How to complete this task
What you return must be an exact copy of the lines in the listing below between the line holding "unfolding P1_def P3_def by blast" and the line holding "proof (rule leibniz_rule_field_derivative)", inclusive, and nothing more.

Information given
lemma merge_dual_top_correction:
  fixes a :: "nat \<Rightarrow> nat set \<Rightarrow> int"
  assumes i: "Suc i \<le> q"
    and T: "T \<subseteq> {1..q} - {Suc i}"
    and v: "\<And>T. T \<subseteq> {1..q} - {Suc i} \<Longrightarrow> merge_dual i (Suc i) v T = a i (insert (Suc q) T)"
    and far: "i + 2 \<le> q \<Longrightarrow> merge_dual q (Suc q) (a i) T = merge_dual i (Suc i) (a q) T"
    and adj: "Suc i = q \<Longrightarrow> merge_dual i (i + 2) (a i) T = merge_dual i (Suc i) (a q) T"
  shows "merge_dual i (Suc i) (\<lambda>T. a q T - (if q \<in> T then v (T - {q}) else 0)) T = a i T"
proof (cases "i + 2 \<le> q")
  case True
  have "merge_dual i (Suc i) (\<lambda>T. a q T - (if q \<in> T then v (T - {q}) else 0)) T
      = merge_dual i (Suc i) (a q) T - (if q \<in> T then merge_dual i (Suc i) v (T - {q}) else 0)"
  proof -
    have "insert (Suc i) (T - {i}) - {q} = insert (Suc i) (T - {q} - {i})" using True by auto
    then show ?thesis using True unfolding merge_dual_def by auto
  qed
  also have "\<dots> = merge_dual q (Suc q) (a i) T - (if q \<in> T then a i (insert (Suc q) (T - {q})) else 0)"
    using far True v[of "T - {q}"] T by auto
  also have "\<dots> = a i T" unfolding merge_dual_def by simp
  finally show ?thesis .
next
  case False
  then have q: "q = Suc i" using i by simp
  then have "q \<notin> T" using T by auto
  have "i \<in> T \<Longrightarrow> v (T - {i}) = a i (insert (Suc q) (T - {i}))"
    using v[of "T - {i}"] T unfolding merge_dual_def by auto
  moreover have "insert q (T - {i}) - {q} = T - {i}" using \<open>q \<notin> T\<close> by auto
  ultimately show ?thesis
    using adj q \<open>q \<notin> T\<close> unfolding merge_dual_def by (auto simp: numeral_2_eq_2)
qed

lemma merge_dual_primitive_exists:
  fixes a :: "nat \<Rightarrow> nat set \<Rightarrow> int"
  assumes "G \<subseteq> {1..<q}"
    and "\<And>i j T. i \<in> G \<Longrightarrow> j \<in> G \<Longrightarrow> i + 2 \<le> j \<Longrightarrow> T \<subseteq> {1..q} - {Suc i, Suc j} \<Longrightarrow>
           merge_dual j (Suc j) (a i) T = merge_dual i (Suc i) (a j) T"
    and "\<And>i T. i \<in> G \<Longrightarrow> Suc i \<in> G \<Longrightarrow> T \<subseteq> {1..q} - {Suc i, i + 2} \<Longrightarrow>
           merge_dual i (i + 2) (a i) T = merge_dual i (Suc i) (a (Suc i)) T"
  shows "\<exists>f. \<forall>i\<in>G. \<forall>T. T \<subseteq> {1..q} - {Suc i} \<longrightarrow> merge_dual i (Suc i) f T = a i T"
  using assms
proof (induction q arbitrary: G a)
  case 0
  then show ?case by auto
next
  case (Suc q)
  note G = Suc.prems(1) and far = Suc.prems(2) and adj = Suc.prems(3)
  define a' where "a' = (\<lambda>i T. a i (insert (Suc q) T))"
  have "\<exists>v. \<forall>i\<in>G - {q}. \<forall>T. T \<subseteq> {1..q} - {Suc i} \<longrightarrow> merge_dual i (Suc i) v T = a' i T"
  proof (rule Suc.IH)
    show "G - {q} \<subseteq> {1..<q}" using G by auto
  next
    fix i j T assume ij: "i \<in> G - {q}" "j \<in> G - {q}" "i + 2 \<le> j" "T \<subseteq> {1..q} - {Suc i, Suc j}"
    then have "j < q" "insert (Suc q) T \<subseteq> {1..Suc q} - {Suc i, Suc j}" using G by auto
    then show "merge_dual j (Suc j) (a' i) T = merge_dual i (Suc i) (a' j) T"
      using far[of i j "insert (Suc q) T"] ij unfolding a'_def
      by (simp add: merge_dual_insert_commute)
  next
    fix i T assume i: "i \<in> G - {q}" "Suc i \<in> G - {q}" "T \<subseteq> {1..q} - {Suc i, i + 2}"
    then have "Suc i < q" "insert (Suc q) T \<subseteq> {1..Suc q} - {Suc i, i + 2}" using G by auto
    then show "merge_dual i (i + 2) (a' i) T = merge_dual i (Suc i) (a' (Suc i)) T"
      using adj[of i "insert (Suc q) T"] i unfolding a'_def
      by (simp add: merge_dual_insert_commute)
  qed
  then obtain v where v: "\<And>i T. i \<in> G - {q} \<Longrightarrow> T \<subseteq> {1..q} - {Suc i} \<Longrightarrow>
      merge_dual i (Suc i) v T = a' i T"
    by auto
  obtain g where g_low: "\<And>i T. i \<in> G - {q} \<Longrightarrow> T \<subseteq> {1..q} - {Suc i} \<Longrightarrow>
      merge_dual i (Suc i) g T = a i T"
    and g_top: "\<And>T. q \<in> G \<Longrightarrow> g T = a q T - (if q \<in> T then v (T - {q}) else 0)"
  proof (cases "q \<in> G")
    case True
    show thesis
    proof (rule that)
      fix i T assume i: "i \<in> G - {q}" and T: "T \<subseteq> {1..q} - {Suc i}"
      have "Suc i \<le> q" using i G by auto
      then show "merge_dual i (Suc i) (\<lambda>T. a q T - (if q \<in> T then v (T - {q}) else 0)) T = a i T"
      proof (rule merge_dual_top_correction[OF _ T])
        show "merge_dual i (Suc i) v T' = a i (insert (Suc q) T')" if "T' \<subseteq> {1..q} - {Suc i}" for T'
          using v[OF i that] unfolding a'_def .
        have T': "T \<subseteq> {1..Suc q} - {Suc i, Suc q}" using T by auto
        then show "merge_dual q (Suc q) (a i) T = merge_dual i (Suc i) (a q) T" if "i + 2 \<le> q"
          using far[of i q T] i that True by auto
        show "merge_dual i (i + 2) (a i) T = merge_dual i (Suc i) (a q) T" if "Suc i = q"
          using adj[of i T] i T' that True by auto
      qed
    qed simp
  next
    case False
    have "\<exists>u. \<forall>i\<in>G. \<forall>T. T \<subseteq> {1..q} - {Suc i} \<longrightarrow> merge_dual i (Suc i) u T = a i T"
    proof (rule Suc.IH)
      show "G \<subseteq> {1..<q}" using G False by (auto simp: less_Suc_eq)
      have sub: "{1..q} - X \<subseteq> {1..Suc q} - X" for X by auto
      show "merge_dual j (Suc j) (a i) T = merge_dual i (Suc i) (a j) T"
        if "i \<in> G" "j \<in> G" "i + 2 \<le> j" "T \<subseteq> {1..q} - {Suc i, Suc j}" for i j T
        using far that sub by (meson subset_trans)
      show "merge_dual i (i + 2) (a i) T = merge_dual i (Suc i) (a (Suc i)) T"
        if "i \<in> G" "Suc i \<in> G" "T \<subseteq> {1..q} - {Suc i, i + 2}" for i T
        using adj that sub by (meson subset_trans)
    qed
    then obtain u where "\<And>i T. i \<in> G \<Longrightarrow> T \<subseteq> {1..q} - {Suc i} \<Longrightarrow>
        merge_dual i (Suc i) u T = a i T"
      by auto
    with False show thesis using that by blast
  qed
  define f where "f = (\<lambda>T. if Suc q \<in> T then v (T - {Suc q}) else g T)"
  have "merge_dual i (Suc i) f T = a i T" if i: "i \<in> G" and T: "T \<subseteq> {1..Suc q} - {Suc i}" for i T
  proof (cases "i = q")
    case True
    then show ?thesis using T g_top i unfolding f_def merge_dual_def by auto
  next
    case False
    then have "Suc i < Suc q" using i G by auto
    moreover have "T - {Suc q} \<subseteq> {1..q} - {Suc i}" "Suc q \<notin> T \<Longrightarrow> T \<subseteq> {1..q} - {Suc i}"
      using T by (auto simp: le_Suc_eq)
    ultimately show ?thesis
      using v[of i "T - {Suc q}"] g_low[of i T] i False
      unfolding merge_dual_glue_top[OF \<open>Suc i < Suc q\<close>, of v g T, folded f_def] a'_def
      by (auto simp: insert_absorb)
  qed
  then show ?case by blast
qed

...

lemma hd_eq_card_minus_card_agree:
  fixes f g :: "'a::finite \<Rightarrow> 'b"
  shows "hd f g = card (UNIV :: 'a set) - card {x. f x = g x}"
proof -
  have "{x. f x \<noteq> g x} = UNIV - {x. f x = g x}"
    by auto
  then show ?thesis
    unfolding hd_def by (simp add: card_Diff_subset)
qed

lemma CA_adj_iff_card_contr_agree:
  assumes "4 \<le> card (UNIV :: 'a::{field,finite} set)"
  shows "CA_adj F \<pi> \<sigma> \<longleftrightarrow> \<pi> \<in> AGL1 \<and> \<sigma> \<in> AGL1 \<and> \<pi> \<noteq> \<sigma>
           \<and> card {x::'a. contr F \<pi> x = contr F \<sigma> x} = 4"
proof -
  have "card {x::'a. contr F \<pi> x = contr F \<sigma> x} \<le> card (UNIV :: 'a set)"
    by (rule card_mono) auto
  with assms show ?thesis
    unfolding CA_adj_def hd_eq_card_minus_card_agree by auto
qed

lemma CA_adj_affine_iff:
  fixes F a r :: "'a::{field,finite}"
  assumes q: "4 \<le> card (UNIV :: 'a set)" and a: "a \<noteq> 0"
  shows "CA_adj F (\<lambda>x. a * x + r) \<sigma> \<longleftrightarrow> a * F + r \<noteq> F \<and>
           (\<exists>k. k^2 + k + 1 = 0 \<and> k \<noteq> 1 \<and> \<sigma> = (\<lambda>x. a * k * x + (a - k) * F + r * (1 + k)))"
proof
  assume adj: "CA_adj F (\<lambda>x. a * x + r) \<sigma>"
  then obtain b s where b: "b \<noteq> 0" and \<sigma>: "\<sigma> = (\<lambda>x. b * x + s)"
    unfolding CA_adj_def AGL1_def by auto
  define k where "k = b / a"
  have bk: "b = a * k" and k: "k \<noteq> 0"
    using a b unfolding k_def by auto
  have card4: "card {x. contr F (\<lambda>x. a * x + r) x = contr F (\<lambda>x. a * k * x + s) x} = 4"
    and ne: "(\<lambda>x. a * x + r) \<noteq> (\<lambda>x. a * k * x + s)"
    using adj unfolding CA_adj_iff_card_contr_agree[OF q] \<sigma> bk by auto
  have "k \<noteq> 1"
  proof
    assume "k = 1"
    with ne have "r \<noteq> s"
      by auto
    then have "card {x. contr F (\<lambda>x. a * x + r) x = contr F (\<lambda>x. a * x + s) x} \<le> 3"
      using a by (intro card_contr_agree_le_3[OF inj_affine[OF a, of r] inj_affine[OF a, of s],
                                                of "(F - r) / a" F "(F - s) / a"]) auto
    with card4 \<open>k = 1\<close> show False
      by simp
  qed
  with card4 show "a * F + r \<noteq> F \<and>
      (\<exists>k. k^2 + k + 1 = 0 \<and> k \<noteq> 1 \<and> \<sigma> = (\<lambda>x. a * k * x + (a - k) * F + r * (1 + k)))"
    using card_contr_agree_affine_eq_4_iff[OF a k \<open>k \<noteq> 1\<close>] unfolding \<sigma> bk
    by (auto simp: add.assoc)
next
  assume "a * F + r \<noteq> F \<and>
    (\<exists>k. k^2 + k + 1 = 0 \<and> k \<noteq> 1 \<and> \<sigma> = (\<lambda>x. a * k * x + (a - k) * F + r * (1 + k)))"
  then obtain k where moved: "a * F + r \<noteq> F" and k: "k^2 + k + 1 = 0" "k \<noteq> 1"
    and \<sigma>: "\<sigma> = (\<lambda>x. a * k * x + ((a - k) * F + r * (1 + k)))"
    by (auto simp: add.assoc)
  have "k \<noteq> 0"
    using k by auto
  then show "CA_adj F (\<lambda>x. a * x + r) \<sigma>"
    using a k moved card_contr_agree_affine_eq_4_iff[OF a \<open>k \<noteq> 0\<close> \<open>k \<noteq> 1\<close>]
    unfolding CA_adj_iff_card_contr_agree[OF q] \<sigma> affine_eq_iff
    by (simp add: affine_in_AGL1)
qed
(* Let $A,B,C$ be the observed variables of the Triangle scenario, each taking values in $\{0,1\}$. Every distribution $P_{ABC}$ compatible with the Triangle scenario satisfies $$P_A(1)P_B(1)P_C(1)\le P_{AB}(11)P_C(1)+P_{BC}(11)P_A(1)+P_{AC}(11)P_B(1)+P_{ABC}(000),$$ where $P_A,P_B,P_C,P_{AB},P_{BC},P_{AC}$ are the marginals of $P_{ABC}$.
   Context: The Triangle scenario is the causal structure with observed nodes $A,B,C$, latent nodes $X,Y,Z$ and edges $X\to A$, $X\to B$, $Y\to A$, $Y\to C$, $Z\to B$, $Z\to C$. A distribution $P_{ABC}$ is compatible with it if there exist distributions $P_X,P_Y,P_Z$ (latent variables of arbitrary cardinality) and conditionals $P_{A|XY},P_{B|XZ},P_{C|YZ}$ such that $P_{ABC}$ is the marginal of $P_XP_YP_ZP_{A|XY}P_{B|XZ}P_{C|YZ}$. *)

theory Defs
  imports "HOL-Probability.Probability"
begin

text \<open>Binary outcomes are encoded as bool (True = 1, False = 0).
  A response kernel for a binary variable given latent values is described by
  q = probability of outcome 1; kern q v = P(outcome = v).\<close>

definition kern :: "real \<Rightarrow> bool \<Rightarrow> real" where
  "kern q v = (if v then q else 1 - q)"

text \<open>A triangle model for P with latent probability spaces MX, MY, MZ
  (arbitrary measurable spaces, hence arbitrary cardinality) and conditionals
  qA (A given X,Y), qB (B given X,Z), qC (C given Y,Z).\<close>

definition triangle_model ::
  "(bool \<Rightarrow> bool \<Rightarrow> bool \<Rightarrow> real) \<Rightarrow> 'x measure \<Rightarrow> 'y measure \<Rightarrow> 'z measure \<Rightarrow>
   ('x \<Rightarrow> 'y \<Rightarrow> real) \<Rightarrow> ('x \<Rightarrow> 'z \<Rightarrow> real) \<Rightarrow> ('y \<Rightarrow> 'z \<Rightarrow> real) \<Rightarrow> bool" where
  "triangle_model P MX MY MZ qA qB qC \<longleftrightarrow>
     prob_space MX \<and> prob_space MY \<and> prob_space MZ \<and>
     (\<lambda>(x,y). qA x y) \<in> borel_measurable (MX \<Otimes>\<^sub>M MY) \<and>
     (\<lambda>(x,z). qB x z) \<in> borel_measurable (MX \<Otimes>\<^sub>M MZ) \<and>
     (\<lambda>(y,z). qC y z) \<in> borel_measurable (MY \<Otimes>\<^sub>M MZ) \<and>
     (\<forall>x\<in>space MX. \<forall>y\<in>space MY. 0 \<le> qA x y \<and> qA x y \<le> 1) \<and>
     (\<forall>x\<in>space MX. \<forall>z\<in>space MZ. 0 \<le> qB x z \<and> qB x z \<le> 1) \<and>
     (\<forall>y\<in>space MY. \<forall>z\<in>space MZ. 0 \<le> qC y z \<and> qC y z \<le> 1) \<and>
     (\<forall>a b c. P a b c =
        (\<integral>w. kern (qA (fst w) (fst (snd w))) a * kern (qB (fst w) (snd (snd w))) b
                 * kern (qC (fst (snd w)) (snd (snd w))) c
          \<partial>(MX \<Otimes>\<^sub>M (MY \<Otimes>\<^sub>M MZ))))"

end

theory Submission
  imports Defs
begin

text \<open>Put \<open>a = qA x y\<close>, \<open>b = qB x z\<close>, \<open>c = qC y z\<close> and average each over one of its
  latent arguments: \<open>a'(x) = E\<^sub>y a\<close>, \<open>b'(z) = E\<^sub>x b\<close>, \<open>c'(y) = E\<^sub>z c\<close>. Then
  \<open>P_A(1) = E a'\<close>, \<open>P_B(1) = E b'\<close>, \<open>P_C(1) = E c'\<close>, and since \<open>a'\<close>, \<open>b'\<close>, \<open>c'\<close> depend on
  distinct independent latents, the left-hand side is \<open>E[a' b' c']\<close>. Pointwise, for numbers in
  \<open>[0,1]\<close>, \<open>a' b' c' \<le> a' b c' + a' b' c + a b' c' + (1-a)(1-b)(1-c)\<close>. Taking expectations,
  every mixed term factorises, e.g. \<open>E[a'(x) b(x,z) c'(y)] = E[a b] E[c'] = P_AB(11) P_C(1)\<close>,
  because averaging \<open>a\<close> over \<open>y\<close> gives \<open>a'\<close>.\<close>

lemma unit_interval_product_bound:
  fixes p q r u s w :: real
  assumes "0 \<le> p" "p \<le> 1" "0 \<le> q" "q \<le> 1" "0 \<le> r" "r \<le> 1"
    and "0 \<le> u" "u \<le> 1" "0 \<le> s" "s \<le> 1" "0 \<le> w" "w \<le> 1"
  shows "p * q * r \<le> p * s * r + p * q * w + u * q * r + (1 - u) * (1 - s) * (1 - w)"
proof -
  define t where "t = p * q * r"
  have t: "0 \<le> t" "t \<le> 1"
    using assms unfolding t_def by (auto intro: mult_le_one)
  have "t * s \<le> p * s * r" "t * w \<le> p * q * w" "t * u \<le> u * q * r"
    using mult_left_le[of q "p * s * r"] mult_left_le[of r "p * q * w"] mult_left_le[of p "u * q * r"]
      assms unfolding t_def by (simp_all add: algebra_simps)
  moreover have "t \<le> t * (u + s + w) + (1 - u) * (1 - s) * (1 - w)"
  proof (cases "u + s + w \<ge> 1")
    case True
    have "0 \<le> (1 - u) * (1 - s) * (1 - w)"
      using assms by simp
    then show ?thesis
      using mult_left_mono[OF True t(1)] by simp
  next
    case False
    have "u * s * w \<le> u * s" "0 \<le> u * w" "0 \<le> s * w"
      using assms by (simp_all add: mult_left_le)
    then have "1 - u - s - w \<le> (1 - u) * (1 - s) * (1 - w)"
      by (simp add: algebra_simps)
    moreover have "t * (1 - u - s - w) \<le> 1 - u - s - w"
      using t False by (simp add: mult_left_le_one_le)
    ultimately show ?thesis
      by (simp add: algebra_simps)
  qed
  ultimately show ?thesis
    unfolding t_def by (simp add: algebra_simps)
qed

...

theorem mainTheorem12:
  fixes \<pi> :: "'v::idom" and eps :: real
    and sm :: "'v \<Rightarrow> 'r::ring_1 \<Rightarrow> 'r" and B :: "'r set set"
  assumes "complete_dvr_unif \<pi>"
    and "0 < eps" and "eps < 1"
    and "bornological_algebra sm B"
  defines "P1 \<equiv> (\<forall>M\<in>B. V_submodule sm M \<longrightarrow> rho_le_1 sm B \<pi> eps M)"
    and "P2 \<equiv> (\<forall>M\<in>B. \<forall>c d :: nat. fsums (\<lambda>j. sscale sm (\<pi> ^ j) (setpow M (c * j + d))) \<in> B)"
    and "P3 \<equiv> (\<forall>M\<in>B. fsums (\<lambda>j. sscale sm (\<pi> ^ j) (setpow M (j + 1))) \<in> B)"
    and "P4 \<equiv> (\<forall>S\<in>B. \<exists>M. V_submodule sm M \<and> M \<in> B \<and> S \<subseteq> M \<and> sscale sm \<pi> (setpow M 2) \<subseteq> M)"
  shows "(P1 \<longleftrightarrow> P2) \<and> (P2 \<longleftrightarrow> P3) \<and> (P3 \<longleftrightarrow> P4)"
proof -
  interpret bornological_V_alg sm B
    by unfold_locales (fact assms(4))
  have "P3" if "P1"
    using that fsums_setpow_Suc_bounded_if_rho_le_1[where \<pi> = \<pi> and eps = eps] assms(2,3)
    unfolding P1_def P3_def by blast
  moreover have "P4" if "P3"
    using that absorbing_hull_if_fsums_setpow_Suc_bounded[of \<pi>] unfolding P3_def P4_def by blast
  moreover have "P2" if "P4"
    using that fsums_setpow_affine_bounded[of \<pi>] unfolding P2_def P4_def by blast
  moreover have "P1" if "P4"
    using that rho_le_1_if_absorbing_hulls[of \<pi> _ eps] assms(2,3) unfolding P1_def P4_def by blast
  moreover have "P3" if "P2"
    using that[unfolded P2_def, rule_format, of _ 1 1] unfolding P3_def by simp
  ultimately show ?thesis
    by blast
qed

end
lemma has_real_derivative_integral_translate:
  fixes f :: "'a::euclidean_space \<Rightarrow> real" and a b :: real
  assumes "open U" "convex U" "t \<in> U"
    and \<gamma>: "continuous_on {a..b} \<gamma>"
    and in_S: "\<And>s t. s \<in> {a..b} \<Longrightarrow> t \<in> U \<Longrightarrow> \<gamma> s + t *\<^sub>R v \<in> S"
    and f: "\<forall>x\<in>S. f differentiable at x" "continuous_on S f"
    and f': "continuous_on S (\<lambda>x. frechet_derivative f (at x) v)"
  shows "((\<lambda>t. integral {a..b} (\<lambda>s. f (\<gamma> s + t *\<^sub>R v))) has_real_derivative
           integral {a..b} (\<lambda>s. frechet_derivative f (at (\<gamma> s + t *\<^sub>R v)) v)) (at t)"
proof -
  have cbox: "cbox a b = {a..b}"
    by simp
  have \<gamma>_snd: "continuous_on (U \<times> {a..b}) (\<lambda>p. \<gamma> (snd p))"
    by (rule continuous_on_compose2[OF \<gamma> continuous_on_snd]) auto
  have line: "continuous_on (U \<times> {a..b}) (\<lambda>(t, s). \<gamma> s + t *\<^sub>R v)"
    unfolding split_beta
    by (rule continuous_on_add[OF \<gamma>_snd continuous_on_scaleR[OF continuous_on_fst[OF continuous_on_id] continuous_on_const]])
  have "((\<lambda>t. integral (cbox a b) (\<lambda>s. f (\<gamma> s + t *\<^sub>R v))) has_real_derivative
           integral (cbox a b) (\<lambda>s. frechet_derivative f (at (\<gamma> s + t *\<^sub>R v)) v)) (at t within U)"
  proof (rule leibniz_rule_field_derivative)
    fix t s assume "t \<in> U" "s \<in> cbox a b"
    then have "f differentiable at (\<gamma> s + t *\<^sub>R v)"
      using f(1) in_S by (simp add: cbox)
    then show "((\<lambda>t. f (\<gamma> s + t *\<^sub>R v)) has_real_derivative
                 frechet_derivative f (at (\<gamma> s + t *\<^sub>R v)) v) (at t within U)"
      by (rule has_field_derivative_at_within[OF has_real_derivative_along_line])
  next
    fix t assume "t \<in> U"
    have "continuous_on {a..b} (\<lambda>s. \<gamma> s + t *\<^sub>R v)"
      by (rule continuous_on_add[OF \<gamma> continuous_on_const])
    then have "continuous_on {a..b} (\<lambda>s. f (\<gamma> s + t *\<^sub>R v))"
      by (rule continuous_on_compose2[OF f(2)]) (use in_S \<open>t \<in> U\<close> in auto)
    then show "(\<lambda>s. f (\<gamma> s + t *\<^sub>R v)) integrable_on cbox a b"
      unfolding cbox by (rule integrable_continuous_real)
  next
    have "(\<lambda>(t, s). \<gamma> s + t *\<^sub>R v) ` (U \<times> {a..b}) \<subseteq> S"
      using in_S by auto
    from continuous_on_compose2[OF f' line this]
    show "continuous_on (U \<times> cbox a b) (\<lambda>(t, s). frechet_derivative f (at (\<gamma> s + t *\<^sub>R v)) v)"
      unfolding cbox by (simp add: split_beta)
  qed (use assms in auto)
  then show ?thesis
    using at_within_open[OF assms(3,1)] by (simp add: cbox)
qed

Answer area
    unfolding P1_def P3_def by blast
  moreover have "P4" if "P3"
    using that absorbing_hull_if_fsums_setpow_Suc_bounded[of \<pi>] unfolding P3_def P4_def by blast
  moreover have "P2" if "P4"
    using that fsums_setpow_affine_bounded[of \<pi>] unfolding P2_def P4_def by blast
  moreover have "P1" if "P4"
    using that rho_le_1_if_absorbing_hulls[of \<pi> _ eps] assms(2,3) unfolding P1_def P4_def by blast
  moreover have "P3" if "P2"
    using that[unfolded P2_def, rule_format, of _ 1 1] unfolding P3_def by simp
  ultimately show ?thesis
    by blast
qed

end
lemma has_real_derivative_integral_translate:
  fixes f :: "'a::euclidean_space \<Rightarrow> real" and a b :: real
  assumes "open U" "convex U" "t \<in> U"
    and \<gamma>: "continuous_on {a..b} \<gamma>"
    and in_S: "\<And>s t. s \<in> {a..b} \<Longrightarrow> t \<in> U \<Longrightarrow> \<gamma> s + t *\<^sub>R v \<in> S"
    and f: "\<forall>x\<in>S. f differentiable at x" "continuous_on S f"
    and f': "continuous_on S (\<lambda>x. frechet_derivative f (at x) v)"
  shows "((\<lambda>t. integral {a..b} (\<lambda>s. f (\<gamma> s + t *\<^sub>R v))) has_real_derivative
           integral {a..b} (\<lambda>s. frechet_derivative f (at (\<gamma> s + t *\<^sub>R v)) v)) (at t)"
proof -
  have cbox: "cbox a b = {a..b}"
    by simp
  have \<gamma>_snd: "continuous_on (U \<times> {a..b}) (\<lambda>p. \<gamma> (snd p))"
    by (rule continuous_on_compose2[OF \<gamma> continuous_on_snd]) auto
  have line: "continuous_on (U \<times> {a..b}) (\<lambda>(t, s). \<gamma> s + t *\<^sub>R v)"
    unfolding split_beta
    by (rule continuous_on_add[OF \<gamma>_snd continuous_on_scaleR[OF continuous_on_fst[OF continuous_on_id] continuous_on_const]])
  have "((\<lambda>t. integral (cbox a b) (\<lambda>s. f (\<gamma> s + t *\<^sub>R v))) has_real_derivative
           integral (cbox a b) (\<lambda>s. frechet_derivative f (at (\<gamma> s + t *\<^sub>R v)) v)) (at t within U)"
  proof (rule leibniz_rule_field_derivative)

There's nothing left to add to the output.